After being largely outclassed in the first four stanzas, Cotto came alive in round five and was beginning to land some meaningful shots, particularly to the body as he ripped Mayweather while he was pinned against the ropes. Cotto was able to time Mayweather with his left jab—which was his most accurate punch—and it landed frequently enough to cause blood to stream from Mayweather’s nose during round six. As the middle rounds progressed, it was Cotto who was winning the exchanges.

As the ninth round began, the fight had shifted in Cotto’s favor and on most scorecards he had nearly pulled even with Mayweather. Rounds 10 and 11 saw both men have their moments, but Mayweather’s superior technique resurfaced as he resumed landing the right hand around Cotto’s guard, and was getting back into a comfortable rhythm, ripping Cotto with rapid-fire combinations that were beginning to make their mark on the Pride of Puerto Rico.
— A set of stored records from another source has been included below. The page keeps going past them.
lemma mass_live_pair_le:
  assumes "F \<in> top_patterns (Suc k)" and "F' \<in> top_patterns (Suc k)"
  shows "mass k (\<lambda>y. F \<in> live (Suc k) y \<and> F' \<in> live (Suc k) y) \<le> (\<Prod>i\<in>F \<union> F' - {Suc k}. rho i)"
proof -
  define b where "b i = (if i \<in> F then val F i else val F' i)" for i
  have "mass k (\<lambda>y. F \<in> live (Suc k) y \<and> F' \<in> live (Suc k) y)
      \<le> mass k (\<lambda>y. \<forall>i\<in>F \<union> F' - {Suc k}. y i = b i)"
    by (rule mass_mono) (auto simp: live_def b_def)
  also have "\<dots> \<le> (\<Prod>i\<in>F \<union> F' - {Suc k}. rho i)"
    using top_patterns_subset(2)[OF assms(1)] top_patterns_subset(2)[OF assms(2)]
    by (intro mass_agree_le) (auto simp: le_Suc_eq)
  finally show ?thesis .
qed

lemma sum_top_pattern_pairs_le:
  "(\<Sum>F\<in>top_patterns j. \<Sum>F'\<in>top_patterns j. \<Prod>i\<in>F \<union> F' - {j}. rho i) \<le> (\<Prod>i\<in>{1..<j}. 1 + 3 * rho i)"
proof -
  let ?P = "insert j ` Pow {1..<j}" and ?g = "\<lambda>F F'. \<Prod>i\<in>F \<union> F' - {j}. rho i"
  have g_nonneg: "0 \<le> ?g F F'" for F F'
    using rho_nonneg by (simp add: prod_nonneg)
  have "(\<Sum>F\<in>top_patterns j. \<Sum>F'\<in>top_patterns j. ?g F F') \<le> (\<Sum>F\<in>top_patterns j. \<Sum>F'\<in>?P. ?g F F')"
    using top_patterns_subset_Pow g_nonneg by (intro sum_mono sum_mono2) auto
  also have "\<dots> \<le> (\<Sum>F\<in>?P. \<Sum>F'\<in>?P. ?g F F')"
    using top_patterns_subset_Pow g_nonneg by (intro sum_mono2 sum_nonneg) auto
  also have "\<dots> = (\<Sum>S\<in>Pow {1..<j}. \<Sum>S'\<in>Pow {1..<j}. ?g (insert j S) (insert j S'))"
    using inj_on_insert_Pow[of j "{1..<j}"] by (simp add: sum.reindex)
  also have "\<dots> = (\<Sum>S\<in>Pow {1..<j}. \<Sum>S'\<in>Pow {1..<j}. \<Prod>i\<in>S \<union> S'. rho i)"
  proof (intro sum.cong refl)
    fix S S' assume "S \<in> Pow {1..<j}" "S' \<in> Pow {1..<j}"
    then have "insert j S \<union> insert j S' - {j} = S \<union> S'" by auto
    then show "?g (insert j S) (insert j S') = (\<Prod>i\<in>S \<union> S'. rho i)" by simp
  qed
  also have "\<dots> = (\<Prod>i\<in>{1..<j}. 1 + 3 * rho i)"
    by (simp add: sum_Pow_Pow_prod_Un)
  finally show ?thesis .
qed
(* Let $\phi:\mathbb{R}^d\to\mathbb{R}$ be differentiable with constants $0<m\le M$ such that $m\|x-y\|^2\le[\nabla\phi(x)-\nabla\phi(y)]^T(x-y)\le M\|x-y\|^2$ for all $x,y\in\mathbb{R}^d$, and let the observed function $f$ and gradient $g$ satisfy $|\phi(x)-f(x)|\le\epsilon_f$ and $\|\nabla\phi(x)-g(x)\|\le\epsilon_g$ for all $x$, with $\epsilon_f\ge0$, $\epsilon_g>0$. Let $\{x_k\}$, $\{p_k\}$ be generated by the Noise-Tolerant BFGS/L-BFGS method described in the context, using either the full-BFGS or the L-BFGS variant. Then for any $0<q<1$ there exists $\gamma>0$ such that for all $k\in\mathbb{N}$, $$|J(\gamma)\cap[0,k-1]|\ge qk,$$ where $J(\gamma)=\{k\in\mathbb{N}:\cos\theta_k\ge\gamma\}$ and $\theta_k$ is the angle between $p_k$ and $-g(x_k)$.
   Context: Noise-Tolerant BFGS/L-BFGS method: inputs are the noisy function $f$ and gradient $g$, the gradient noise bound $\epsilon_g$, constants $0<c_1<c_2<1$ and $c_3>0$, an initial point $x_0$ and a symmetric positive definite $H_0$. For $k=0,1,2,\dots$: (1) compute $p_k=-H_kg(x_k)$, where in the full-BFGS variant $H_k$ is the current BFGS matrix and in the L-BFGS variant with memory $t$, $H_k$ is obtained by applying the BFGS update successively with the most recent (up to) $t$ stored pairs $(s_i,y_i)$ to the initial matrix $\gamma_kI$, $\gamma_k=s_{k-1}^Ty_{k-1}/y_{k-1}^Ty_{k-1}$; (2) perform a line search to obtain $\alpha_k>0$ satisfying the Armijo condition $f(x_k+\alpha_kp_k)\le f(x_k)+c_1\alpha_kg(x_k)^Tp_k$ and the Wolfe condition $g(x_k+\alpha_kp_k)^Tp_k\ge c_2g(x_k)^Tp_k$; if the line search fails, compute $\alpha_k$ such that $f(x_k+\alpha_kp_k)\le f(x_k)$; (3) set $x_{k+1}=x_k+\alpha_kp_k$; (4) compute a lengthening parameter $\beta_k>0$ satisfying the noise control condition $(g(x_k+\beta_kp_k)-g(x_k))^Tp_k\ge2(1+c_3)\epsilon_g\|p_k\|$; (5) set $s_k=\beta_kp_k$, $y_k=g(x_k+\beta_kp_k)-g(x_k)$; (6) update $H_{k+1}=(I-\rho_ks_ky_k^T)H_k(I-\rho_ky_ks_k^T)+\rho_ks_ks_k^T$ with $\rho_k=1/y_k^Ts_k$ (full BFGS), or add $(s_k,y_k)$ to the stored set of the last $t$ pairs (L-BFGS). $\|\cdot\|$ is the Euclidean norm. *)

theory Defs
  imports "HOL-Analysis.Analysis"
begin

definition outer :: "real^'n \<Rightarrow> real^'n \<Rightarrow> real^'n^'n" where
  "outer u v = (\<chi> i j. u $ i * v $ j)"

definition bfgs_update :: "real^'n \<Rightarrow> real^'n \<Rightarrow> real^'n^'n \<Rightarrow> real^'n^'n" where
  "bfgs_update s y H =
     (let \<rho> = 1 / (y \<bullet> s) in
       (mat 1 - \<rho> *\<^sub>R outer s y) ** H ** (mat 1 - \<rho> *\<^sub>R outer y s) + \<rho> *\<^sub>R outer s s)"

text \<open>L-BFGS matrix with memory t at iteration k (k \<ge> 1): successive BFGS updates with
  the pairs i = max(0,k-t), ..., k-1 (oldest first) applied to gamma_k I,
  gamma_k = s_{k-1}^T y_{k-1} / y_{k-1}^T y_{k-1}.\<close>
definition lbfgs_matrix :: "nat \<Rightarrow> (nat \<Rightarrow> real^'n) \<Rightarrow> (nat \<Rightarrow> real^'n) \<Rightarrow> nat \<Rightarrow> real^'n^'n" where
  "lbfgs_matrix t s y k =
     foldl (\<lambda>H i. bfgs_update (s i) (y i) H)
       (((s (k - 1) \<bullet> y (k - 1)) / (y (k - 1) \<bullet> y (k - 1))) *\<^sub>R mat 1)
       [k - t..<k]"

definition cos_angle :: "real^'n \<Rightarrow> real^'n \<Rightarrow> real" where
  "cos_angle u v = (u \<bullet> v) / (norm u * norm v)"

definition sym_pos_def_mat :: "real^'n^'n \<Rightarrow> bool" where
  "sym_pos_def_mat A \<longleftrightarrow> transpose A = A \<and> (\<forall>v. v \<noteq> 0 \<longrightarrow> v \<bullet> (A *v v) > 0)"

end

theory Submission
  imports Defs
begin

text \<open>
  The noise control condition makes every curvature pair satisfy y.s \<ge> mu |s|^2 and
  |y| \<le> L |s| with mu, L independent of k: the gradient noise changes y.s by at most
  2 eps_g |s|, which the lengthening dominates. For any positive definite H, the cosine of the
  angle between H g and g is at least 1 / (n^4 tr H tr H^-1).
  For L-BFGS, H_k arises from gamma_k I by at most t updates with such pairs, so both traces,
  and hence the cosines, are bounded uniformly in k.
  For full BFGS we follow Byrd and Nocedal: psi(B) = tr B - ln det B is bounded below on
  positive definite matrices and psi(H_(k+1)^-1) \<le> psi(H_k^-1) + C + 2 ln cos theta_k.
  Hence the sums of -ln cos theta_j over j < k grow at most linearly in k, and at most a
  fraction 1 - q of the indices can have cos theta_j below a suitable threshold.
\<close>

lemma matrix_vector_mult_axis: "((A::real^'n^'m) *v axis j 1) $ i = A $ i $ j"
  by (simp add: matrix_vector_mult_def axis_def if_distrib cong: if_cong)

lemma inner_axis_mulv_axis: "axis i 1 \<bullet> ((A::real^'n^'n) *v axis j 1) = A $ i $ j"
  by (simp add: inner_axis' matrix_vector_mult_axis)

lemma trace_eq_sum_inner_axis: "trace (A::real^'n^'n) = (\<Sum>i\<in>UNIV. axis i 1 \<bullet> (A *v axis i 1))"
  by (simp add: trace_def inner_axis_mulv_axis)

lemma trace_scaleR: "trace (c *\<^sub>R (A::real^'n^'n)) = c * trace A"
  by (simp add: trace_def sum_distrib_left)

lemma matrix_inv_eqI:
  fixes A B :: "real^'n^'n"
  assumes AB: "A ** B = mat 1"
  shows "matrix_inv A = B"
proof -
  have BA: "B ** A = mat 1" using AB matrix_left_right_inverse by blast
  have "A ** matrix_inv A = mat 1 \<and> matrix_inv A ** A = mat 1"
    unfolding matrix_inv_def by (rule someI[of _ B]) (simp add: AB BA)
  then show ?thesis
    by (metis BA matrix_mul_assoc matrix_mul_lid matrix_mul_rid)
qed

lemma outer_mulv: "outer u v *v w = (v \<bullet> w) *\<^sub>R u"
  by (simp add: outer_def matrix_vector_mult_def vec_eq_iff inner_vec_def sum_distrib_left
      mult.commute mult.left_commute)

lemma trace_outer: "trace (outer u v) = u \<bullet> v"
  by (simp add: trace_def outer_def inner_vec_def)

text \<open>Matrix determinant lemma: expanding row by row, every term in which two rows are
  multiples of v vanishes.\<close>

lemma det_axis_rows_with_row:
  fixes u v :: "real^'n"
  assumes "finite S" "k \<notin> S"
  shows "det (\<chi> i. if i = k then v else if i \<in> S then axis i 1 + u$i *s v else axis i 1) = v $ k"
  using assms
proof (induction S rule: finite_induct)
  case empty
  have rows: "row i (mat 1 :: real^'n^'n) = axis i 1" for i
    by (simp add: row_def axis_def mat_def vec_eq_iff)
  have "(\<chi> i. if i = k then v else if i \<in> {} then axis i 1 + u$i *s v else axis i 1)
      = (\<chi> i. if i = k then v else axis i 1)"
    by (intro arg_cong[where f = vec_lambda] ext) simp
  then show ?case
    using cramer_lemma_transpose[of k v "mat 1 :: real^'n^'n", unfolded rows basis_expansion]
    by simp
next
  case (insert j S)
  define N where "N i = (if i = k then v else if i \<in> S then axis i 1 + u$i *s v else axis i 1)" for i
  have jk: "j \<noteq> k" using insert by auto
  have split: "(\<chi> i. if i = k then v else if i \<in> insert j S then axis i 1 + u$i *s v else axis i 1)
     = (\<chi> i. if i = j then axis j 1 + u$j *s v else N i)"
    using jk by (auto simp: vec_eq_iff N_def)
  have unchanged: "(\<chi> i. if i = j then axis j 1 else N i) = (\<chi> i. N i)"
    using insert jk by (auto simp: vec_eq_iff N_def)
  have repeated: "det (\<chi> i. if i = j then v else N i) = 0"
    by (rule det_identical_rows[OF jk]) (simp add: row_def N_def vec_eq_iff jk)
  show ?case
    unfolding split det_row_add[of j "\<lambda>_. axis j 1" "\<lambda>_. u$j *s v" N]
      det_row_mul[of j "u$j" "\<lambda>_. v" N]
    using unchanged repeated insert by (simp add: N_def)
qed

lemma det_axis_rows:
  fixes u v :: "real^'n"
  assumes "finite S"
  shows "det (\<chi> i. if i \<in> S then axis i 1 + u$i *s v else axis i 1) = 1 + (\<Sum>i\<in>S. u$i * v$i)"
  using assms
proof (induction S rule: finite_induct)
  case empty
  have "(\<chi> i. axis i 1) = (mat 1 :: real^'n^'n)" by (simp add: vec_eq_iff axis_def mat_def)
  then show ?case by simp
next
  case (insert k S)
  define N where "N i = (if i \<in> S then axis i 1 + u$i *s v else axis i 1)" for i
  have split: "(\<chi> i. if i \<in> insert k S then axis i 1 + u$i *s v else axis i 1)
     = (\<chi> i. if i = k then axis k 1 + u$k *s v else N i)"
    by (auto simp: vec_eq_iff N_def)
  have unchanged: "(\<chi> i. if i = k then axis k 1 else N i) = (\<chi> i. N i)"
    using insert by (auto simp: vec_eq_iff N_def)
  have "(\<chi> i. if i = k then v else N i)
      = (\<chi> i. if i = k then v else if i \<in> S then axis i 1 + u$i *s v else axis i 1)"
    by (simp add: N_def fun_eq_iff)
  then show ?case
    unfolding split det_row_add[of k "\<lambda>_. axis k 1" "\<lambda>_. u$k *s v" N]
      det_row_mul[of k "u$k" "\<lambda>_. v" N]
    using unchanged insert det_axis_rows_with_row[OF insert(1,2), of v u] by (simp add: N_def)
qed

lemma det_identity_add_outer: "det (mat 1 + outer u v) = 1 + v \<bullet> (u::real^'n)"
proof -
  have "mat 1 + outer u v = (\<chi> i. if i \<in> UNIV then axis i 1 + u$i *s v else axis i 1)"
    by (simp add: vec_eq_iff outer_def axis_def mat_def)
  then show ?thesis using det_axis_rows[of UNIV u v]
    by (simp add: inner_vec_def mult.commute)
qed

lemma det_identity_add_two_outer:
  fixes u1 v1 u2 v2 :: "real^'n"
  assumes nz: "1 + v2 \<bullet> u2 \<noteq> 0"
  shows "det (mat 1 + outer u1 v1 + outer u2 v2)
           = (1 + v1 \<bullet> u1) * (1 + v2 \<bullet> u2) - (v1 \<bullet> u2) * (v2 \<bullet> u1)"
proof -
  define \<kappa> where "\<kappa> = (v2 \<bullet> u1) / (1 + v2 \<bullet> u2)"
  define w where "w = u1 - \<kappa> *\<^sub>R u2"
  have "v2 \<bullet> w = \<kappa>"
    using nz by (simp add: w_def \<kappa>_def inner_diff_right field_simps)
  then have w: "w + (v2 \<bullet> w) *\<^sub>R u2 = u1" by (simp add: w_def)
  have factor: "mat 1 + outer u1 v1 + outer u2 v2 = (mat 1 + outer u2 v2) ** (mat 1 + outer w v1)"
  proof (subst matrix_eq, intro allI)
    fix z :: "real^'n"
    have "((mat 1 + outer u2 v2) ** (mat 1 + outer w v1)) *v z
        = z + (v1 \<bullet> z) *\<^sub>R (w + (v2 \<bullet> w) *\<^sub>R u2) + (v2 \<bullet> z) *\<^sub>R u2"
      by (simp add: matrix_vector_mul_assoc[symmetric] outer_mulv algebra_simps)
    then show "(mat 1 + outer u1 v1 + outer u2 v2) *v z
        = ((mat 1 + outer u2 v2) ** (mat 1 + outer w v1)) *v z"
      by (simp add: w matrix_vector_mult_add_rdistrib outer_mulv)
  qed
  have "det (mat 1 + outer u1 v1 + outer u2 v2) = (1 + v2 \<bullet> u2) * (1 + v1 \<bullet> w)"
    unfolding factor det_mul det_identity_add_outer ..
  also have "\<dots> = (1 + v1 \<bullet> u1) * (1 + v2 \<bullet> u2) - (v1 \<bullet> u2) * (v2 \<bullet> u1)"
    using nz by (simp add: w_def \<kappa>_def inner_diff_right field_simps)
  finally show ?thesis .
qed

section \<open>Symmetric positive definite matrices\<close>

lemma inner_mulv_transpose: "u \<bullet> ((A::real^'n^'n) *v v) = (transpose A *v u) \<bullet> v"
  by (simp add: dot_lmul_matrix)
As the 12th round began, both fighters continued fighting at a world-class level, treating fans to thrilling action and a sophisticated display of pugilism. While Cotto was still game, it was Floyd Mayweather’s night once again as he settled into his stance and shot brilliant combinations at Cotto from all angles. Then, with one scintillating right hook/left uppercut combo, Mayweather momentarily buckled Cotto. Flurrying with final sequences of precision punching, Mayweather closed the show in dramatic fashion, once again asserting himself as the greatest boxer in the world after winning the championship rounds as a true champion should.

The judges awarded Mayweather a unanimous decision, scoring it 117-111 (twice) and 118-110. While they certainly had the right man winning, the margins seemed a tad too wide and didn’t accurately reflect the spirit of this fight, which featured more competitive moments than Floyd’s split-decision over Oscar De La Hoya. Incidentally, that fight took place five years ago to the day. After that fight, Mayweather felt he had nothing left to prove. Since then, he’s proven a lot, and has become a bigger star than almost anyone could have ever imagined. He’s done it because of his uncanny command of the science—and he has worked hard to become the fighter he is today, a fighter who still reigns at the top of boxing’s food chain.

While some were critical of this fight even being made, Mayweather and Cotto scored a clean knockout on behalf of the fight game, as both warriors fought their hearts out in the kind of war that is worth all of the hype and currency that it generates.

“Tough fight,” said Mayweather at the post-fight presser. “What else can I say? Cotto is tough. We gave what the fans wanted to see: blood, sweat and tears.”

Indeed they did—and boxing is all the better because of it.

Cotto declined a post-fight interview and was seen with his family in the locker room while Mayweather was being interviewed. Cotto did however deliver this statement shortly after the fight via Twitter: “I feel great. Just resting In my SkyLoft with my family. Nothing to be down about. I respect the judges dec. but I completely disagree.”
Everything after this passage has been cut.